__Task__
Go through the data below and return each line where the string "blast" appears.

__Study material__
(* Consider the Filtered Greedy Strategy (\texttt{FGS}), which maintains a current set $\mathcal B_1$ of atomic mini-batches and iteratively removes mini-batches from it. If a file $f$ satisfies the inequality $$n(f)\Bigl(l(f)+\sum_{b\in\mathcal B_1,\ l(b)<l(f)}s(b)\Bigr) < s(f)\Bigl(\sum_{f'\in\mathcal F,\ l(f')<l(f)}n(f')+\sum_{f'\in\mathcal F\setminus\mathcal F(\mathcal B_1),\ l(f')>l(f)}n(f')\Bigr)$$ (evaluated with the current set $\mathcal B_1$) in the $i$-th iteration of \texttt{FGS}, then $f$ also satisfies this inequality (evaluated with the then-current $\mathcal B_1$) in the $j$-th iteration for every $j\ge i$.
   Context: A single-track tape stores a sequence of files $\mathcal F=(f_1,\dots,f_n)$ laid out contiguously from left to right: file $f$ occupies blocks $l(f),\dots,r(f)$ and has size $s(f)=r(f)-l(f)+1$, with $l(f_1)=1$, $l(f_{i+1})=r(f_i)+1$. $\mathcal R$ is a finite set of read requests, each associated with a file; $n(f)$ is the number of requests for $f$. A mini-batch is a pair $b=(f,f')$ of files with $l(f)\le l(f')$; $l(b)=l(f)$, $r(b)=r(f')$, $s(b)=r(b)-l(b)+1$, $\mathcal F(b)$ is the set of files $g$ with $l(b)\le l(g)$, $r(g)\le r(b)$, atomic if $|\mathcal F(b)|=1$, and $\mathcal F(\mathcal B_1)=\bigcup_{b\in\mathcal B_1}\mathcal F(b)$. \texttt{FGS} starts with $\mathcal B_1=\{(f,f): f\in\mathcal F\setminus\{f_1\},\ n(f)>0\}$ (the output of the Greedy Strategy) and then, for $|\mathcal F|$ rounds, inspects each file $f\in\mathcal F(\mathcal B_1)$ and removes $(f,f)$ from $\mathcal B_1$ whenever the displayed inequality holds for the current $\mathcal B_1$; each inspection is an iteration. *)

theory Defs
  imports Main
begin

text \<open>Tape with files indexed 1..N (index i = file f_i).  s i is the size of f_i,
  nreq i the number of read requests for f_i.  A mini-batch is a pair of file indices.\<close>

definition lft :: "(nat \<Rightarrow> nat) \<Rightarrow> nat \<Rightarrow> nat" where
  "lft s i = 1 + (\<Sum>k\<in>{1..<i}. s k)"

definition rgt :: "(nat \<Rightarrow> nat) \<Rightarrow> nat \<Rightarrow> nat" where
  "rgt s i = lft s i + s i - 1"

definition mb_size :: "(nat \<Rightarrow> nat) \<Rightarrow> nat \<times> nat \<Rightarrow> nat" where
  "mb_size s b = rgt s (snd b) - lft s (fst b) + 1"

definition mb_files :: "nat \<Rightarrow> (nat \<Rightarrow> nat) \<Rightarrow> nat \<times> nat \<Rightarrow> nat set" where
  "mb_files N s b = {g \<in> {1..N}. lft s (fst b) \<le> lft s g \<and> rgt s g \<le> rgt s (snd b)}"

definition mbs_files :: "nat \<Rightarrow> (nat \<Rightarrow> nat) \<Rightarrow> (nat \<times> nat) set \<Rightarrow> nat set" where
  "mbs_files N s B = (\<Union>b\<in>B. mb_files N s b)"

definition fgs_ineq :: "nat \<Rightarrow> (nat \<Rightarrow> nat) \<Rightarrow> (nat \<Rightarrow> nat) \<Rightarrow> (nat \<times> nat) set \<Rightarrow> nat \<Rightarrow> bool" where
  "fgs_ineq N s nreq B f \<longleftrightarrow>
     nreq f * (lft s f + (\<Sum>b\<in>{b\<in>B. lft s (fst b) < lft s f}. mb_size s b))
     < s f * ((\<Sum>f'\<in>{f'\<in>{1..N}. lft s f' < lft s f}. nreq f')
              + (\<Sum>f'\<in>{f'\<in>{1..N} - mbs_files N s B. lft s f' > lft s f}. nreq f'))"

definition greedy :: "nat \<Rightarrow> (nat \<Rightarrow> nat) \<Rightarrow> (nat \<times> nat) set" where
  "greedy N nreq = {(f, f) | f. f \<in> {2..N} \<and> nreq f > 0}"

definition fgs_step :: "nat \<Rightarrow> (nat \<Rightarrow> nat) \<Rightarrow> (nat \<Rightarrow> nat) \<Rightarrow> (nat \<times> nat) set \<Rightarrow> nat \<Rightarrow> (nat \<times> nat) set" where
  "fgs_step N s nreq B f = (if fgs_ineq N s nreq B f then B - {(f, f)} else B)"

text \<open>Iterations of one round: list of (inspected file, B1 at that iteration).\<close>
fun round_trace :: "nat \<Rightarrow> (nat \<Rightarrow> nat) \<Rightarrow> (nat \<Rightarrow> nat) \<Rightarrow> (nat \<times> nat) set \<Rightarrow> nat list
    \<Rightarrow> (nat \<times> (nat \<times> nat) set) list" where
  "round_trace N s nreq B [] = []"
| "round_trace N s nreq B (f # fs) = (f, B) # round_trace N s nreq (fgs_step N s nreq B f) fs"

definition round_end :: "nat \<Rightarrow> (nat \<Rightarrow> nat) \<Rightarrow> (nat \<Rightarrow> nat) \<Rightarrow> (nat \<times> nat) set \<Rightarrow> nat list
    \<Rightarrow> (nat \<times> nat) set" where
  "round_end N s nreq B fs = fold (\<lambda>f B. fgs_step N s nreq B f) fs B"

text \<open>All iterations of m rounds; ord fixes the order in which F(B1) is inspected in a round.\<close>
fun fgs_trace :: "nat \<Rightarrow> (nat \<Rightarrow> nat) \<Rightarrow> (nat \<Rightarrow> nat) \<Rightarrow> (nat set \<Rightarrow> nat list)
    \<Rightarrow> (nat \<times> nat) set \<Rightarrow> nat \<Rightarrow> (nat \<times> (nat \<times> nat) set) list" where
  "fgs_trace N s nreq ord B 0 = []"
| "fgs_trace N s nreq ord B (Suc m) =
     round_trace N s nreq B (ord (mbs_files N s B))
     @ fgs_trace N s nreq ord (round_end N s nreq B (ord (mbs_files N s B))) m"

definition fgs_iterations :: "nat \<Rightarrow> (nat \<Rightarrow> nat) \<Rightarrow> (nat \<Rightarrow> nat) \<Rightarrow> (nat set \<Rightarrow> nat list)
    \<Rightarrow> (nat \<times> (nat \<times> nat) set) list" where
  "fgs_iterations N s nreq ord = fgs_trace N s nreq ord (greedy N nreq) N"

end

theory Submission
  imports Defs
begin

text \<open>FGS only ever deletes mini-batches, so the current set \<open>B\<^sub>1\<close> shrinks from one
  iteration to the next. Shrinking \<open>B\<^sub>1\<close> can only decrease the left-hand side of the
  inequality (fewer mini-batches to the left of \<open>f\<close>) and only increase the right-hand side
  (fewer files are covered by \<open>B\<^sub>1\<close>), so once the inequality holds it keeps holding. Neither
  positive file sizes nor the inspection order play a role.\<close>

lemma fgs_ineq_antimono:
  assumes "finite B" and "B' \<subseteq> B" and "fgs_ineq N s nreq B f"
  shows "fgs_ineq N s nreq B' f"
proof -
  let ?left = "\<lambda>B. \<Sum>b\<in>{b\<in>B. lft s (fst b) < lft s f}. mb_size s b"
  let ?right = "\<lambda>B. \<Sum>f'\<in>{f'\<in>{1..N} - mbs_files N s B. lft s f' > lft s f}. nreq f'"
  have "?left B' \<le> ?left B"
    by (rule sum_mono2) (use assms(1,2) in auto)
  then have "nreq f * (lft s f + ?left B') \<le> nreq f * (lft s f + ?left B)"
    by simp
  moreover have "mbs_files N s B' \<subseteq> mbs_files N s B"
    using assms(2) unfolding mbs_files_def by auto
  then have "?right B \<le> ?right B'"
    by (intro sum_mono2) auto
  then have "s f * ((\<Sum>f'\<in>{f'\<in>{1..N}. lft s f' < lft s f}. nreq f') + ?right B)
      \<le> s f * ((\<Sum>f'\<in>{f'\<in>{1..N}. lft s f' < lft s f}. nreq f') + ?right B')"
    by simp
  ultimately show ?thesis
    using assms(3) unfolding fgs_ineq_def by linarith
qed

lemma fgs_step_subset: "fgs_step N s nreq B f \<subseteq> B"
  unfolding fgs_step_def by auto

lemma round_end_Nil [simp]: "round_end N s nreq B [] = B"
  by (simp add: round_end_def)

lemma round_end_Cons [simp]:
  "round_end N s nreq B (f # fs) = round_end N s nreq (fgs_step N s nreq B f) fs"
  by (simp add: round_end_def)

lemma round_end_subset: "round_end N s nreq B fs \<subseteq> B"
  by (induction fs arbitrary: B) (auto dest: subsetD[OF fgs_step_subset])

lemma round_trace_between:
  "x \<in> set (round_trace N s nreq B fs) \<Longrightarrow>
    round_end N s nreq B fs \<subseteq> snd x \<and> snd x \<subseteq> B"
proof (induction fs arbitrary: B)
  case (Cons f fs)
  then show ?case
    using round_end_subset fgs_step_subset by fastforce
qed simp

lemma round_trace_decreasing:
  "sorted_wrt (\<lambda>x y. snd y \<subseteq> snd x) (round_trace N s nreq B fs)"
proof (induction fs arbitrary: B)
  case (Cons f fs)
  then show ?case
    using round_trace_between fgs_step_subset by fastforce
qed simp

lemma fgs_trace_subset:
  "x \<in> set (fgs_trace N s nreq ord B m) \<Longrightarrow> snd x \<subseteq> B"
proof (induction m arbitrary: B)
  case (Suc m)
  let ?fs = "ord (mbs_files N s B)"
  from Suc.prems consider
      "x \<in> set (round_trace N s nreq B ?fs)"
    | "x \<in> set (fgs_trace N s nreq ord (round_end N s nreq B ?fs) m)"
    by auto
  then show ?case
  proof cases
    case 1
    then show ?thesis by (simp add: round_trace_between)
  next
    case 2
    then show ?thesis using Suc.IH round_end_subset by blast
  qed
qed simp

lemma fgs_trace_decreasing:
  "sorted_wrt (\<lambda>x y. snd y \<subseteq> snd x) (fgs_trace N s nreq ord B m)"
proof (induction m arbitrary: B)
  case (Suc m)
  let ?fs = "ord (mbs_files N s B)"
  have "snd y \<subseteq> snd x"
    if "x \<in> set (round_trace N s nreq B ?fs)"
      and "y \<in> set (fgs_trace N s nreq ord (round_end N s nreq B ?fs) m)" for x y
    using that round_trace_between fgs_trace_subset by blast
  then show ?case
    using Suc.IH round_trace_decreasing by (simp add: sorted_wrt_append)
qed simp

lemma finite_greedy: "finite (greedy N nreq)"
proof (rule finite_subset)
  show "greedy N nreq \<subseteq> (\<lambda>f. (f, f)) ` {2..N}"
    unfolding greedy_def by auto
qed simp

theorem lemma1:
  fixes N :: nat and s nreq :: "nat \<Rightarrow> nat" and ord :: "nat set \<Rightarrow> nat list"
    and f i j :: nat
  assumes pos: "\<forall>k\<in>{1..N}. s k > 0"
    and ord: "\<forall>S. finite S \<longrightarrow> set (ord S) = S \<and> distinct (ord S)"
    and f: "f \<in> {1..N}"
    and ij: "i \<le> j" "j < length (fgs_iterations N s nreq ord)"
    and hi: "fgs_ineq N s nreq (snd (fgs_iterations N s nreq ord ! i)) f"
  shows "fgs_ineq N s nreq (snd (fgs_iterations N s nreq ord ! j)) f"
proof (rule fgs_ineq_antimono[OF _ _ hi])
  let ?T = "fgs_iterations N s nreq ord"
  have "i < length ?T"
    using ij by simp
  then show "finite (snd (?T ! i))"
    using fgs_trace_subset finite_greedy
    unfolding fgs_iterations_def by (meson finite_subset nth_mem)
  show "snd (?T ! j) \<subseteq> snd (?T ! i)"
  proof (cases "i = j")
    case False
    then show ?thesis
      using ij fgs_trace_decreasing
      unfolding fgs_iterations_def by (simp add: sorted_wrt_iff_nth_less)
  qed simp
qed

end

__Exercise result__
    then show ?thesis using Suc.IH round_end_subset by blast
    using that round_trace_between fgs_trace_subset by blast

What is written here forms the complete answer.